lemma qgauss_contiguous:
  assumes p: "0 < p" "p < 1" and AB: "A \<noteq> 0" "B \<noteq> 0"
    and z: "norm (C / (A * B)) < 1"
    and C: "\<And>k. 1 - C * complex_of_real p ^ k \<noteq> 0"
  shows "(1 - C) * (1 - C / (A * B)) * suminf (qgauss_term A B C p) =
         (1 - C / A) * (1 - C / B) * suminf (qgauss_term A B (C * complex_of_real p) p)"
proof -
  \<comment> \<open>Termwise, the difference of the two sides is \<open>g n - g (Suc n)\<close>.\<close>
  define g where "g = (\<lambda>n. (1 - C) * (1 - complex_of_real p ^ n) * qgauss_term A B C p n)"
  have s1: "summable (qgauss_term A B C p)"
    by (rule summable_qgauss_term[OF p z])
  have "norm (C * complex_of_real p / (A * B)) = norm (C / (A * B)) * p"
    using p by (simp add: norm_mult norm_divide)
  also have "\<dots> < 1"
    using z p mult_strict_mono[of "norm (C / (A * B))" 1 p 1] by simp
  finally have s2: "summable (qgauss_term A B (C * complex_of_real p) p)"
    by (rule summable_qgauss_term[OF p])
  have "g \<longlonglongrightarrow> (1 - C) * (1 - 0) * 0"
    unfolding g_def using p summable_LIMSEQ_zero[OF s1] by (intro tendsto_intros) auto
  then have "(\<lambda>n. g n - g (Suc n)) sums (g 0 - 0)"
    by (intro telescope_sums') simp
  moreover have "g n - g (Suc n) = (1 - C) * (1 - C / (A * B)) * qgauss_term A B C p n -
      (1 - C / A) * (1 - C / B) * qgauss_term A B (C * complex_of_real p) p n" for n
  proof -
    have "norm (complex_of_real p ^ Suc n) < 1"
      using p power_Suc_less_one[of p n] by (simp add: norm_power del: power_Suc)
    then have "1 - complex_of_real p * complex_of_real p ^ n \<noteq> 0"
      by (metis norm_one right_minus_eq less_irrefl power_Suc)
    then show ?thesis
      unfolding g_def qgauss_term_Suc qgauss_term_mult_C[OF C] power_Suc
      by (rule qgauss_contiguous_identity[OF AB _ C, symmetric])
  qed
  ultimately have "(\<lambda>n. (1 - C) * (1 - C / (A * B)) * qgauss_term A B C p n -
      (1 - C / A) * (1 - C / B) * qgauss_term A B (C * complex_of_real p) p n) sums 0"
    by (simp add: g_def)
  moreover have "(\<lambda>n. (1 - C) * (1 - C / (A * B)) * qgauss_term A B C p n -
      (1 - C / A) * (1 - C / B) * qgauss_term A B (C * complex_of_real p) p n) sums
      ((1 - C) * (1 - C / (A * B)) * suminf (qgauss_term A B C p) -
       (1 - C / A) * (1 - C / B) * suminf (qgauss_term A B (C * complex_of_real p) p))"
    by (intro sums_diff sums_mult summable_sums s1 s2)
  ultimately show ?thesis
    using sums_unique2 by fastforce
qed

———

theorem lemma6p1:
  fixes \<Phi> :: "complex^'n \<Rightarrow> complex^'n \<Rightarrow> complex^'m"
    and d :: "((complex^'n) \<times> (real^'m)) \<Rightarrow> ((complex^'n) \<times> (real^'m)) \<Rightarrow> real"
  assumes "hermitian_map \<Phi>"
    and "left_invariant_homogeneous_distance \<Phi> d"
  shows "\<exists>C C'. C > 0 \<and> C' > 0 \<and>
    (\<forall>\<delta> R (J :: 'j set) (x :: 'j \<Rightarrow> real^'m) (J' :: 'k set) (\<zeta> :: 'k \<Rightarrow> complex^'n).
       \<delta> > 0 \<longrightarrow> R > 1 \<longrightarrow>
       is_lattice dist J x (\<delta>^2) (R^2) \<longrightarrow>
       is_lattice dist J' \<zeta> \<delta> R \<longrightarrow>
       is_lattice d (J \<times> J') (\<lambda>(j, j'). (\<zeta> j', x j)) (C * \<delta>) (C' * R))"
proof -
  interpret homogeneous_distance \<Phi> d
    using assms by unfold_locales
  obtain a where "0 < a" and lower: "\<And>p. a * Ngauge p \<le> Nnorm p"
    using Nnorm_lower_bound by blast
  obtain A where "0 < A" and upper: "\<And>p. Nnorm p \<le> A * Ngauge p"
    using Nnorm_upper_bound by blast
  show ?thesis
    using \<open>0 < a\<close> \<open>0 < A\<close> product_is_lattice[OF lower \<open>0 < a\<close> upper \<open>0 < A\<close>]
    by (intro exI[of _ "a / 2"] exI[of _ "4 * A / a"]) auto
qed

———

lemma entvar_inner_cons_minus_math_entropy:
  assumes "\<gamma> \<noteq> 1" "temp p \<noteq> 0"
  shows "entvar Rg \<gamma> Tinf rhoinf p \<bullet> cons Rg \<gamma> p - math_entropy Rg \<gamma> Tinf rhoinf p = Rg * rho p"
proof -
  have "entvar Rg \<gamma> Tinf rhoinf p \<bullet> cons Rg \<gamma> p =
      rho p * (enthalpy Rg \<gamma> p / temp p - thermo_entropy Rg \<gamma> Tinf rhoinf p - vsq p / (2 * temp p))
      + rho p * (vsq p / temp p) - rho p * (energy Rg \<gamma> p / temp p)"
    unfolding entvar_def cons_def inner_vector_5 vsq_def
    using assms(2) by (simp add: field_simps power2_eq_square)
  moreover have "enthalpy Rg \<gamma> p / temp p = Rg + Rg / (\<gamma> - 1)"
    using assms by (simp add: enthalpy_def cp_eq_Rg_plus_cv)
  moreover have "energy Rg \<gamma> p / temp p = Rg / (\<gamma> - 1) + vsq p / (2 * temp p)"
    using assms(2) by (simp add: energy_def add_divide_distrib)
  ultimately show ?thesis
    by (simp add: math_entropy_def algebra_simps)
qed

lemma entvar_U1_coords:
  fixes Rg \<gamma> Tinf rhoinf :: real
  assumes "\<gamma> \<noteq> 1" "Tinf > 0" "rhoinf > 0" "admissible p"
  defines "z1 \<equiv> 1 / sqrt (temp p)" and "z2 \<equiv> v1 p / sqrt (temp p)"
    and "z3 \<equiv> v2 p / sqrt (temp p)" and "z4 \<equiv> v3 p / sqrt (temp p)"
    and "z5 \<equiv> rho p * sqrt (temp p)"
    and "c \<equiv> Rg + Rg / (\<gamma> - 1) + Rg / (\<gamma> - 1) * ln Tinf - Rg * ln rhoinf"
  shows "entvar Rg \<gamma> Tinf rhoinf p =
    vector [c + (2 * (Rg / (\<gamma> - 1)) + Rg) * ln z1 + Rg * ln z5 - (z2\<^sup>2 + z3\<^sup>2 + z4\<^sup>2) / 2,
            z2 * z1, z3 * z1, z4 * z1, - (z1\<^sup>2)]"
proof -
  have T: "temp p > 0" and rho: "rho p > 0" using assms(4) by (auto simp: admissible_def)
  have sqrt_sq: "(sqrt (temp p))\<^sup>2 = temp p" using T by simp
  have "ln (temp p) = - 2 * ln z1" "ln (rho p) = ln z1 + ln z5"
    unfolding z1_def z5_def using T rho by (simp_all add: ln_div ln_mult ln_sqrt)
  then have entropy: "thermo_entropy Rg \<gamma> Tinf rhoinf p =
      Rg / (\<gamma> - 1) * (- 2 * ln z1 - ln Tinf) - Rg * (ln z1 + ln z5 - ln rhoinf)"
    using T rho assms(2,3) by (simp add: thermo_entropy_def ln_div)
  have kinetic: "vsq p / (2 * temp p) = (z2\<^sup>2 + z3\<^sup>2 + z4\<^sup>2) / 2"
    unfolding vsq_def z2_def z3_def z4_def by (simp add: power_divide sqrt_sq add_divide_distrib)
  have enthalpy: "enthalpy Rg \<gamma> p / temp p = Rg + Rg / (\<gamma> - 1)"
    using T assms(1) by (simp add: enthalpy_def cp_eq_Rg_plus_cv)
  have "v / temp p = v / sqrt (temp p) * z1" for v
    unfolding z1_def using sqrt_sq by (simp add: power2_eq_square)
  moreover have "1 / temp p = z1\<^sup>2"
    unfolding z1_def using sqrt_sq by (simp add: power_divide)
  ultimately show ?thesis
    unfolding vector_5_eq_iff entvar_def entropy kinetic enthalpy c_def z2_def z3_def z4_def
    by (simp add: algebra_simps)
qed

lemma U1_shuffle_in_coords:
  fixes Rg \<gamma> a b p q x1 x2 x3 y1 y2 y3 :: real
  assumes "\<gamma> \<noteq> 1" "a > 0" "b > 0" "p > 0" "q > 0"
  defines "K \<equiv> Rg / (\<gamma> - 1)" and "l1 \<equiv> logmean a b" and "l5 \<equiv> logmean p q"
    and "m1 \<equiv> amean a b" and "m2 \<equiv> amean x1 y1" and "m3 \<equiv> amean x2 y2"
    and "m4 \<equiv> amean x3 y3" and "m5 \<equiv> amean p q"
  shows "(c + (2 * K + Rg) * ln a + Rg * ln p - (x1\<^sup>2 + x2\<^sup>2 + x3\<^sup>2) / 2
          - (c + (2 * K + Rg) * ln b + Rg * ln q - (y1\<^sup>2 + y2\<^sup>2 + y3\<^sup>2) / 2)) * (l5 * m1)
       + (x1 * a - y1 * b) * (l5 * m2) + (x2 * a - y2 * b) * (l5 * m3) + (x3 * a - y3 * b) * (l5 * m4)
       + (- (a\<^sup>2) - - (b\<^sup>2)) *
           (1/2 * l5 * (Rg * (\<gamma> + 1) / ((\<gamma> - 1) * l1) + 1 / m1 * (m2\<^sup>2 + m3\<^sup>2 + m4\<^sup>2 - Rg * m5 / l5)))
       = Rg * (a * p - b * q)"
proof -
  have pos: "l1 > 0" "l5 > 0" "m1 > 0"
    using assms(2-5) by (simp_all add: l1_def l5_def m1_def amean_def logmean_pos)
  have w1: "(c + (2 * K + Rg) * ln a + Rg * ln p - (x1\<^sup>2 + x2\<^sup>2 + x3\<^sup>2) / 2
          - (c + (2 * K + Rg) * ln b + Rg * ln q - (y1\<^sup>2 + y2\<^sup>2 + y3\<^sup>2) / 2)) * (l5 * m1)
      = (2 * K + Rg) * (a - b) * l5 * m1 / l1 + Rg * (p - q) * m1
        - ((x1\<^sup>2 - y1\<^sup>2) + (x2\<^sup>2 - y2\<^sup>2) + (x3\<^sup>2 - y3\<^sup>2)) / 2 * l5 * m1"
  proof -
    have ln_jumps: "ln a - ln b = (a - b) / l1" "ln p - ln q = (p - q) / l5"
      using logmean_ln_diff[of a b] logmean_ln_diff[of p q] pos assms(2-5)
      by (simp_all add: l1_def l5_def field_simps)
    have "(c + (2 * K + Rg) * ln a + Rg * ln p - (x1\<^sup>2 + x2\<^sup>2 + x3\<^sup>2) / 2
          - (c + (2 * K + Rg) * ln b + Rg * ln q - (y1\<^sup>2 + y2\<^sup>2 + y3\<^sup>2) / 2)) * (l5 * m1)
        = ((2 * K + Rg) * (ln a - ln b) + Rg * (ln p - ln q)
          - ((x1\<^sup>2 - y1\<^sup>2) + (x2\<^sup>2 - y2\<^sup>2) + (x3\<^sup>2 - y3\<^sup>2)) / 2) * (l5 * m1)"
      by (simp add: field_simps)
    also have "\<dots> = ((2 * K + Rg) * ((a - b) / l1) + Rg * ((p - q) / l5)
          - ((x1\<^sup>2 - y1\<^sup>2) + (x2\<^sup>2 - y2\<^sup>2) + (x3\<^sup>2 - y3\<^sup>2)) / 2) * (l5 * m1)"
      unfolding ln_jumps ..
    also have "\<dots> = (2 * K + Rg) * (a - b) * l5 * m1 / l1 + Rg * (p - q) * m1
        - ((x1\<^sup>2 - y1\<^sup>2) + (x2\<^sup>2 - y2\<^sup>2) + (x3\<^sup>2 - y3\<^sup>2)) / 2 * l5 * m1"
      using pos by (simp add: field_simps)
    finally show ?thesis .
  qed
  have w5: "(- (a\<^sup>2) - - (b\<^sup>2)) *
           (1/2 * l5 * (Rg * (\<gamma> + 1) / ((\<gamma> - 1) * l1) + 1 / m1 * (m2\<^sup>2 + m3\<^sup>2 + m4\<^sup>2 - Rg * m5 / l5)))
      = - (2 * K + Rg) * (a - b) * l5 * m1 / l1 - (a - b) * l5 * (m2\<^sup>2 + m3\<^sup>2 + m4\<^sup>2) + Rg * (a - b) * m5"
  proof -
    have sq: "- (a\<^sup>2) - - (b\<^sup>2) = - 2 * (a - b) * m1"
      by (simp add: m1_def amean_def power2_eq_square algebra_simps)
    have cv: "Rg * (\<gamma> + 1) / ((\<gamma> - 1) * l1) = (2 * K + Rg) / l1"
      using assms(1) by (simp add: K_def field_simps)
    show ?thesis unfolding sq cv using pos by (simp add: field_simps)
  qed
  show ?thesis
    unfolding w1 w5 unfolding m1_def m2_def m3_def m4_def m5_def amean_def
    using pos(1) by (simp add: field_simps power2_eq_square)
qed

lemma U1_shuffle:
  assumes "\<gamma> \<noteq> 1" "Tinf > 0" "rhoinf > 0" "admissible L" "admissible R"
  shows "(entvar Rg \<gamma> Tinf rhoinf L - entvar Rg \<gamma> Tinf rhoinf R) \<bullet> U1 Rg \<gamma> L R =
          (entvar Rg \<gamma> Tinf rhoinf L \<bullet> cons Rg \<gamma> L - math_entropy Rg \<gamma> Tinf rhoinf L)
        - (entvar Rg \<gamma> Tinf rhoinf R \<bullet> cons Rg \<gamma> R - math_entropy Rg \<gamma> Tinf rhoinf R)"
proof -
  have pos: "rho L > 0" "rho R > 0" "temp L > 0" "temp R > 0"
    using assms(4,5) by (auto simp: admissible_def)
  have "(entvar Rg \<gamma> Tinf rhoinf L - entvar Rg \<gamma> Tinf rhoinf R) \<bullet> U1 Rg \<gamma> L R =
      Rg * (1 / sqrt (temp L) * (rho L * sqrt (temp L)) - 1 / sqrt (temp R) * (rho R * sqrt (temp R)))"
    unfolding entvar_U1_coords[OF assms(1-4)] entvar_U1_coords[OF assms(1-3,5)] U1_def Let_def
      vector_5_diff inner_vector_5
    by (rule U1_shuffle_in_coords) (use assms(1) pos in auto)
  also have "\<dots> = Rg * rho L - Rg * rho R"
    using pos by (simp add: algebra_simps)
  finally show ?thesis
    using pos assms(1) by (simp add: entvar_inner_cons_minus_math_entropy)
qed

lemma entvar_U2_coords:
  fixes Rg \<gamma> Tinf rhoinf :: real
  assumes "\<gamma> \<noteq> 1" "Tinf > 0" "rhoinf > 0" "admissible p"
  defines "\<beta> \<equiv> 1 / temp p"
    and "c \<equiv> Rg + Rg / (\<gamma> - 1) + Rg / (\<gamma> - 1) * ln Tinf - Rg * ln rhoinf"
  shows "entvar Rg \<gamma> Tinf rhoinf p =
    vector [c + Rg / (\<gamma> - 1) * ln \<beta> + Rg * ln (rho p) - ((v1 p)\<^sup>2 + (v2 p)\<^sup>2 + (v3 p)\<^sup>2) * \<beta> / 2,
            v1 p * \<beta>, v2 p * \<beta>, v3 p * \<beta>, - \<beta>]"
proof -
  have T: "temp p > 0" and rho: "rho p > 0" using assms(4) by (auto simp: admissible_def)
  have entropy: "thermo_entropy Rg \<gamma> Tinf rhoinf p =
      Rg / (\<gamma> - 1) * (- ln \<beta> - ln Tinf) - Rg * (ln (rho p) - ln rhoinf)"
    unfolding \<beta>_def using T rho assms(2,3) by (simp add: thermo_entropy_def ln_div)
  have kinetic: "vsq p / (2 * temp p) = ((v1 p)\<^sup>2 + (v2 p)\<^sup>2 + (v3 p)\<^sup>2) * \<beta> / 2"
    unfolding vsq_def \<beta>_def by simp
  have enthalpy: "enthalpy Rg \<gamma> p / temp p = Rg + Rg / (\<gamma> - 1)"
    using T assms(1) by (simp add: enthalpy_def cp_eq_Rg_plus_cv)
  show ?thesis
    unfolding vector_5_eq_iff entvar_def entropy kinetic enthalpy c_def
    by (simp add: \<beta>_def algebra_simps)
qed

———

> **The problem**: Would you please write out, exactly and with no other lines, the stretch of the listing above from the line containing "((\<gamma> - 1) * l1) = (2" through the line containing "(entvar Rg \<gamma> Tinf rhoinf L \<bullet>"?

> **Solution for this problem**:
    have cv: "Rg * (\<gamma> + 1) / ((\<gamma> - 1) * l1) = (2 * K + Rg) / l1"
      using assms(1) by (simp add: K_def field_simps)
    show ?thesis unfolding sq cv using pos by (simp add: field_simps)
  qed
  show ?thesis
    unfolding w1 w5 unfolding m1_def m2_def m3_def m4_def m5_def amean_def
    using pos(1) by (simp add: field_simps power2_eq_square)
qed

lemma U1_shuffle:
  assumes "\<gamma> \<noteq> 1" "Tinf > 0" "rhoinf > 0" "admissible L" "admissible R"
  shows "(entvar Rg \<gamma> Tinf rhoinf L - entvar Rg \<gamma> Tinf rhoinf R) \<bullet> U1 Rg \<gamma> L R =
          (entvar Rg \<gamma> Tinf rhoinf L \<bullet> cons Rg \<gamma> L - math_entropy Rg \<gamma> Tinf rhoinf L)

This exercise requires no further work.